Task requirements
From the data below, return each line in which the string "ultimately" is found.

Supplied data
- - - - -

(* Let $\mathsf{C}\subset V$ be a proper cone, $\phi$ in the interior of $\mathsf{C}^*$, $k\ge1$, and $K_\phi=\mathsf{C}\cap\phi^{-1}(1)$. If $\gamma_k^\phi$ is entanglement-breaking, then $K_\phi$ is a polytope.
   Context: Proper cone: closed convex cone in a finite-dimensional real vector space, containing no line, not contained in a hyperplane; $\mathsf{C}^*$ is its dual cone. $\otimes_{\min}$: $\mathsf{C}_1\otimes_{\min}\mathsf{C}_2=\mathrm{conv}\{x\otimes y:x\in\mathsf{C}_1,y\in\mathsf{C}_2\}$, iterated. The $k$th reduction map $\gamma_k^\phi=\frac1k\sum_{j=1}^k\phi^{\otimes(j-1)}\otimes\mathrm{Id}_V\otimes\phi^{\otimes(k-j)}:V^{\otimes k}\to V$ is viewed as a tensor in $(V^* )^{\otimes k}\otimes V$; it is entanglement-breaking if this tensor belongs to $(\mathsf{C}^* )^{\otimes_{\min}k}\otimes_{\min}\mathsf{C}$. *)

theory Defs
  imports "HOL-Analysis.Analysis"
begin

text \<open>V = real^'n (finite-dimensional real vector space with a fixed basis).
  The dual space V* is identified with V via the standard inner product,
  so a functional f acts as x \<mapsto> f \<bullet> x; dual-basis coordinates of f are f $ i.\<close>

definition proper_cone :: "(real^'n) set \<Rightarrow> bool" where
  "proper_cone C \<longleftrightarrow> closed C \<and> convex_cone C \<and> (\<forall>x. x \<in> C \<and> - x \<in> C \<longrightarrow> x = 0)
     \<and> span C = UNIV"

definition dual_cone :: "(real^'n) set \<Rightarrow> (real^'n) set" where
  "dual_cone C = {f. \<forall>x\<in>C. 0 \<le> f \<bullet> x}"

text \<open>Tensors in (V*)^{\<otimes>k} \<otimes> V, with the k tensor factors indexed by a finite
  type 'k with CARD('k) = k, written in coordinates w.r.t. the product basis.\<close>

definition prod_tensor :: "('k::finite \<Rightarrow> real^'n) \<Rightarrow> real^'n \<Rightarrow> real^(('n^'k) \<times> 'n)" where
  "prod_tensor f x = (\<chi> p. (\<Prod>l\<in>UNIV. f l $ (fst p $ l)) * x $ snd p)"

text \<open>(C*)^{\<otimes>min k} \<otimes>min C: convex hull of product tensors f_1\<otimes>...\<otimes>f_k\<otimes>x.\<close>

definition min_tensor_cone :: "(real^'n) set \<Rightarrow> (real^'n) set \<Rightarrow> (real^(('n^'k::finite) \<times> 'n)) set" where
  "min_tensor_cone D C = convex hull {prod_tensor f x | f x. (\<forall>l. f l \<in> D) \<and> x \<in> C}"

text \<open>The k-th reduction map \<gamma>_k^\<phi> as a tensor in (V*)^{\<otimes>k} \<otimes> V:
  its (i,m) coefficient is the m-th coordinate of \<gamma>(e_{i_1}\<otimes>...\<otimes>e_{i_k}).\<close>

definition reduction_tensor :: "real^'n \<Rightarrow> real^(('n^'k::finite) \<times> 'n)" where
  "reduction_tensor \<phi> = (\<chi> p. (1 / real CARD('k)) *
      (\<Sum>j\<in>UNIV. (if fst p $ j = snd p then 1 else 0) * (\<Prod>l\<in>UNIV - {j}. \<phi> $ (fst p $ l))))"

definition entanglement_breaking :: "(real^'n) set \<Rightarrow> real^'n \<Rightarrow> 'k::finite itself \<Rightarrow> bool" where
  "entanglement_breaking C \<phi> _ \<longleftrightarrow>
     (reduction_tensor \<phi> :: real^(('n^'k) \<times> 'n)) \<in> min_tensor_cone (dual_cone C) C"

end

(*
  Write the reduction tensor as a finite nonnegative combination of product tensors
  f\<^sub>1 \<otimes> \<dots> \<otimes> f\<^sub>k \<otimes> x with f\<^sub>l \<in> C* and x \<in> C. Evaluating both sides on y \<otimes> \<dots> \<otimes> y
  for y in the slice K = C \<inter> {\<phi> = 1} gives y = \<Sum> u (\<Prod>\<^sub>l f\<^sub>l y) x, since \<gamma>(y \<otimes> \<dots> \<otimes> y) = y
  when \<phi> y = 1. All coefficients are nonnegative, so K lies in the cone spanned by the
  finitely many x; normalising them to \<phi> = 1 (possible as \<phi> is strictly positive on
  C - {0}) exhibits K as the convex hull of finitely many points.
*)

theory Submission
  imports Defs
begin

lemma sum_prod_vec_eq_prod_sum:
  fixes g :: "'k::finite \<Rightarrow> 'n::finite \<Rightarrow> 'a::comm_semiring_1"
  shows "(\<Sum>i\<in>(UNIV::('n^'k) set). \<Prod>l\<in>UNIV. g l (i $ l)) = (\<Prod>l\<in>UNIV. \<Sum>a\<in>UNIV. g l a)"
proof -
  have "bij (vec_nth :: 'n^'k \<Rightarrow> 'k \<Rightarrow> 'n)"
    by (rule bijI') (auto intro: vec_lambda_inverse[symmetric] simp: vec_eq_iff)
  then have "(\<Sum>i\<in>(UNIV::('n^'k) set). \<Prod>l\<in>UNIV. g l (i $ l)) = (\<Sum>h\<in>UNIV. \<Prod>l\<in>UNIV. g l (h l))"
    by (rule sum.reindex_bij_betw)
  also have "\<dots> = (\<Prod>l\<in>UNIV. \<Sum>a\<in>UNIV. g l a)"
    using prod_sum_PiE[of "UNIV::'k set" "\<lambda>_. UNIV::'n set" g] by simp
  finally show ?thesis .
qed

text \<open>The multilinear map \<open>t : V\<^sup>\<otimes>\<^sup>k \<rightarrow> V\<close> evaluated at \<open>y \<otimes> \<dots> \<otimes> y\<close>.\<close>

definition apply_tensor_power :: "real^'n \<Rightarrow> real^(('n^'k::finite) \<times> 'n) \<Rightarrow> real^'n" where
  "apply_tensor_power y t = (\<chi> m. \<Sum>i\<in>UNIV. t $ (i, m) * (\<Prod>l\<in>UNIV. y $ (i $ l)))"

lemma linear_apply_tensor_power: "linear (apply_tensor_power y)"
  by (rule linearI)
    (simp_all add: apply_tensor_power_def vec_eq_iff sum.distrib sum_distrib_left distrib_right mult.assoc)

lemma apply_tensor_power_prod_tensor:
  fixes f :: "'k::finite \<Rightarrow> real^'n"
  shows "apply_tensor_power y (prod_tensor f x) = (\<Prod>l\<in>UNIV. f l \<bullet> y) *\<^sub>R x"
proof -
  have "apply_tensor_power y (prod_tensor f x) $ m =
        x $ m * (\<Sum>i\<in>(UNIV::('n^'k) set). \<Prod>l\<in>UNIV. f l $ (i $ l) * y $ (i $ l))" for m
    by (simp add: apply_tensor_power_def prod_tensor_def sum_distrib_left prod.distrib algebra_simps)
  moreover have "(\<Sum>i\<in>(UNIV::('n^'k) set). \<Prod>l\<in>UNIV. f l $ (i $ l) * y $ (i $ l)) = (\<Prod>l\<in>UNIV. f l \<bullet> y)"
    unfolding inner_vec_def inner_real_def by (rule sum_prod_vec_eq_prod_sum)
  ultimately show ?thesis
    by (simp add: vec_eq_iff)
qed

text \<open>The identity of \<open>V\<close> is \<open>\<Sum>\<^sub>a e\<^sub>a \<otimes> e\<^sub>a\<close>, so each summand of \<open>\<gamma>\<^sub>k\<close> is a sum of product tensors.\<close>

lemma reduction_tensor_eq_sum_prod_tensor:
  "(reduction_tensor \<phi> :: real^((('n::finite)^'k::finite) \<times> 'n)) = (1 / real CARD('k)) *\<^sub>R
     (\<Sum>j\<in>UNIV. \<Sum>a\<in>UNIV. prod_tensor ((\<lambda>_. \<phi>)(j := axis a 1)) (axis a 1))"
proof -
  have "(\<Sum>a\<in>UNIV. prod_tensor ((\<lambda>_. \<phi>)(j := axis a 1)) (axis a 1) $ (i, m)) =
        (if i $ j = m then 1 else 0) * (\<Prod>l\<in>UNIV - {j}. \<phi> $ (i $ l))"
    for j :: 'k and i :: "'n^'k" and m
  proof -
    have summand: "prod_tensor ((\<lambda>_. \<phi>)(j := axis a 1)) (axis a 1) $ (i, m) =
          (axis a 1 $ (i $ j) * axis a 1 $ m) * (\<Prod>l\<in>UNIV - {j}. \<phi> $ (i $ l))" for a
      by (simp add: prod_tensor_def prod.remove[of UNIV j] cong: prod.cong_simp)
    have delta: "(\<Sum>a\<in>UNIV. axis a 1 $ (i $ j) * axis a 1 $ m) = (if i $ j = m then 1 else 0 :: real)"
      by (simp add: axis_def if_distrib[of "\<lambda>x. x * _"] cong: if_cong)
    show ?thesis
      by (simp only: summand sum_distrib_right[symmetric] delta)
  qed
  then show ?thesis
    by (simp add: vec_eq_iff reduction_tensor_def)
qed

lemma apply_tensor_power_reduction_tensor:
  assumes "\<phi> \<bullet> y = 1"
  shows "apply_tensor_power y (reduction_tensor \<phi> :: real^((('n::finite)^'k::finite) \<times> 'n)) = y"
proof -
  have "(\<Prod>l\<in>UNIV. ((\<lambda>_. \<phi>)(j := axis a 1)) l \<bullet> y) = y $ a" for j :: 'k and a
    using assms by (simp add: prod.remove[of UNIV j] inner_axis' cong: prod.cong_simp)
  then have "apply_tensor_power y (reduction_tensor \<phi> :: real^(('n^'k) \<times> 'n)) =
        (1 / real CARD('k)) *\<^sub>R (\<Sum>j\<in>(UNIV::'k set). \<Sum>a\<in>UNIV. y $ a *\<^sub>R axis a 1)"
    by (simp add: reduction_tensor_eq_sum_prod_tensor linear_apply_tensor_power linear_scale
        linear_sum apply_tensor_power_prod_tensor)
  also have "\<dots> = y"
    using basis_expansion[of y] by (simp add: scalar_mult_eq_scaleR sum_constant_scaleR del: sum_constant)
  finally show ?thesis .
qed

lemma sum_scaleR_in_convex_hull_normalized:
  fixes X :: "'i \<Rightarrow> 'a::real_inner"
  assumes "finite I" and "\<And>i. i \<in> I \<Longrightarrow> 0 \<le> c i \<and> 0 < \<phi> \<bullet> X i"
    and "\<phi> \<bullet> (\<Sum>i\<in>I. c i *\<^sub>R X i) = 1"
  shows "(\<Sum>i\<in>I. c i *\<^sub>R X i) \<in> convex hull ((\<lambda>i. (1 / (\<phi> \<bullet> X i)) *\<^sub>R X i) ` I)"
proof -
  have "(\<Sum>i\<in>I. c i *\<^sub>R X i) = (\<Sum>i\<in>I. (c i * (\<phi> \<bullet> X i)) *\<^sub>R ((1 / (\<phi> \<bullet> X i)) *\<^sub>R X i))"
    using assms(2) by (intro sum.cong) (auto simp: less_imp_neq[symmetric])
  also have "\<dots> \<in> convex hull ((\<lambda>i. (1 / (\<phi> \<bullet> X i)) *\<^sub>R X i) ` I)"
  proof (rule convex_sum[OF assms(1) convex_convex_hull])
    show "(\<Sum>i\<in>I. c i * (\<phi> \<bullet> X i)) = 1"
      using assms(3) by (simp add: inner_sum_right)
  qed (use assms(2) in \<open>auto intro: hull_inc mult_nonneg_nonneg less_imp_le\<close>)
  finally show ?thesis .
qed

lemma polytope_slice_of_finitely_generated_cone:
  fixes C :: "'a::real_inner set" and X :: "'i \<Rightarrow> 'a"
  assumes cone: "convex_cone C" and pos: "\<And>x. x \<in> C \<Longrightarrow> x \<noteq> 0 \<Longrightarrow> 0 < \<phi> \<bullet> x"
    and "finite I" and X: "\<And>i. i \<in> I \<Longrightarrow> X i \<in> C"
    and gen: "\<And>y. y \<in> C \<Longrightarrow> \<phi> \<bullet> y = 1 \<Longrightarrow> \<exists>c. (\<forall>i\<in>I. 0 \<le> c i) \<and> y = (\<Sum>i\<in>I. c i *\<^sub>R X i)"
  shows "polytope {x \<in> C. \<phi> \<bullet> x = 1}"
proof -
  define J where "J = {i \<in> I. X i \<noteq> 0}"
  define Q where "Q = (\<lambda>i. (1 / (\<phi> \<bullet> X i)) *\<^sub>R X i) ` J"
  have J: "finite J" "J \<subseteq> I" "\<And>i. i \<in> J \<Longrightarrow> 0 < \<phi> \<bullet> X i"
    using \<open>finite I\<close> pos X by (auto simp: J_def)
  have "Q \<subseteq> {x \<in> C. \<phi> \<bullet> x = 1}"
    using J X cone by (force simp: Q_def convex_cone_scaleR)
  moreover have "{x \<in> C. \<phi> \<bullet> x = 1} \<subseteq> convex hull Q"
  proof
    fix y assume y: "y \<in> {x \<in> C. \<phi> \<bullet> x = 1}"
    then obtain c where c: "\<forall>i\<in>I. 0 \<le> c i" and y_eq: "y = (\<Sum>i\<in>I. c i *\<^sub>R X i)"
      using gen by blast
    have "y = (\<Sum>i\<in>J. c i *\<^sub>R X i)"
      unfolding y_eq using J(2) by (intro sum.mono_neutral_right[OF \<open>finite I\<close>]) (auto simp: J_def)
    then show "y \<in> convex hull Q"
      unfolding Q_def using y c J by (auto intro!: sum_scaleR_in_convex_hull_normalized)
  qed
  moreover have "convex {x \<in> C. \<phi> \<bullet> x = 1}"
    using cone convex_hyperplane[of \<phi> 1] unfolding convex_cone_def
    by (simp add: Collect_conj_eq convex_Int)
  ultimately have "{x \<in> C. \<phi> \<bullet> x = 1} = convex hull Q"
    by (metis hull_minimal subset_antisym)
  then show ?thesis
    using J(1) by (auto simp: polytope_def Q_def)
qed

lemma interior_dual_cone_inner_pos:
  fixes C :: "(real^'n) set"
  assumes "\<phi> \<in> interior (dual_cone C)" and "x \<in> C" and "x \<noteq> 0"
  shows "0 < \<phi> \<bullet> x"
proof -
  obtain e where e: "e > 0" "ball \<phi> e \<subseteq> dual_cone C"
    using assms(1) mem_interior by blast
  define g where "g = \<phi> - ((e / 2) / norm x) *\<^sub>R x"
  have "dist \<phi> g = e / 2"
    using e assms(3) by (simp add: g_def dist_norm)
  then have "g \<in> dual_cone C"
    using e by auto
  then have "0 \<le> g \<bullet> x"
    using assms(2) by (simp add: dual_cone_def)
  also have "g \<bullet> x = \<phi> \<bullet> x - (e / 2) * norm x"
    using assms(3) by (simp add: g_def inner_diff_left power2_norm_eq_inner[symmetric] power2_eq_square)
  finally show ?thesis
    using e assms(3) by (smt (verit) divide_pos_pos zero_less_norm_iff mult_pos_pos)
qed

lemma min_tensor_coneE:
  fixes t :: "real^((('n::finite)^'k::finite) \<times> 'n)"
  assumes "t \<in> min_tensor_cone D C"
  obtains S :: "(real^(('n^'k) \<times> 'n)) set" and u F X where "finite S"
    and "\<And>s. s \<in> S \<Longrightarrow> 0 \<le> u s \<and> (\<forall>l. F s l \<in> D) \<and> X s \<in> C"
    and "t = (\<Sum>s\<in>S. u s *\<^sub>R prod_tensor (F s) (X s))"
proof -
  obtain S u where S: "finite S" "S \<subseteq> {prod_tensor f x | f x. (\<forall>l. f l \<in> D) \<and> x \<in> C}"
      "\<forall>s\<in>S. 0 \<le> u s" "t = (\<Sum>s\<in>S. u s *\<^sub>R s)"
    using assms unfolding min_tensor_cone_def convex_hull_explicit by auto
  have "\<forall>s\<in>S. \<exists>f x. prod_tensor f x = s \<and> (\<forall>l. f l \<in> D) \<and> x \<in> C"
    using S(2) by blast
  then obtain F X where FX: "\<And>s. s \<in> S \<Longrightarrow> prod_tensor (F s) (X s) = s \<and> (\<forall>l. F s l \<in> D) \<and> X s \<in> C"
    by metis
  show ?thesis
  proof (rule that[OF S(1)])
    show "0 \<le> u s \<and> (\<forall>l. F s l \<in> D) \<and> X s \<in> C" if "s \<in> S" for s
      using S(3) FX[OF that] that by simp
    show "t = (\<Sum>s\<in>S. u s *\<^sub>R prod_tensor (F s) (X s))"
      unfolding S(4) using FX by (simp cong: sum.cong)
  qed
qed

theorem lemma3:
  fixes C :: "(real^'n) set" and \<phi> :: "real^'n"
  assumes "proper_cone C"
    and "\<phi> \<in> interior (dual_cone C)"
    and "entanglement_breaking C \<phi> TYPE('k::finite)"
  shows "polytope {x \<in> C. \<phi> \<bullet> x = 1}"
proof -
  obtain S :: "(real^(('n^'k) \<times> 'n)) set" and u and F :: "_ \<Rightarrow> 'k \<Rightarrow> real^'n" and X where S: "finite S"
    and SFX: "\<And>s. s \<in> S \<Longrightarrow> 0 \<le> u s \<and> (\<forall>l. F s l \<in> dual_cone C) \<and> X s \<in> C"
    and decomp: "(reduction_tensor \<phi> :: real^(('n^'k) \<times> 'n)) = (\<Sum>s\<in>S. u s *\<^sub>R prod_tensor (F s) (X s))"
    using assms(3) unfolding entanglement_breaking_def by (rule min_tensor_coneE) (rule that)
  show ?thesis
  proof (rule polytope_slice_of_finitely_generated_cone)
    show "convex_cone C"
      using assms(1) by (simp add: proper_cone_def)
    show "\<And>x. x \<in> C \<Longrightarrow> x \<noteq> 0 \<Longrightarrow> 0 < \<phi> \<bullet> x"
      using assms(2) by (rule interior_dual_cone_inner_pos)
  next
    fix y assume y: "y \<in> C" "\<phi> \<bullet> y = 1"
    have "y = apply_tensor_power y (reduction_tensor \<phi> :: real^(('n^'k) \<times> 'n))"
      using y(2) by (simp add: apply_tensor_power_reduction_tensor)
    also have "\<dots> = (\<Sum>s\<in>S. (u s * (\<Prod>l\<in>UNIV. F s l \<bullet> y)) *\<^sub>R X s)"
      by (simp add: decomp linear_apply_tensor_power linear_sum linear_scale apply_tensor_power_prod_tensor)
    moreover have "0 \<le> u s * (\<Prod>l\<in>UNIV. F s l \<bullet> y)" if "s \<in> S" for s
      using SFX[OF that] y(1) unfolding dual_cone_def by (simp add: prod_nonneg)
    ultimately show "\<exists>c. (\<forall>s\<in>S. 0 \<le> c s) \<and> y = (\<Sum>s\<in>S. c s *\<^sub>R X s)"
      by (intro exI[of _ "\<lambda>s. u s * (\<Prod>l\<in>UNIV. F s l \<bullet> y)"]) simp
  qed (simp_all add: S SFX)
qed

end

- - - - -

Solved problem
  ultimately show ?thesis
  ultimately have "{x \<in> C. \<phi> \<bullet> x = 1} = convex hull Q"
    ultimately show "\<exists>c. (\<forall>s\<in>S. 0 \<le> c s) \<and> y = (\<Sum>s\<in>S. c s *\<^sub>R X s)"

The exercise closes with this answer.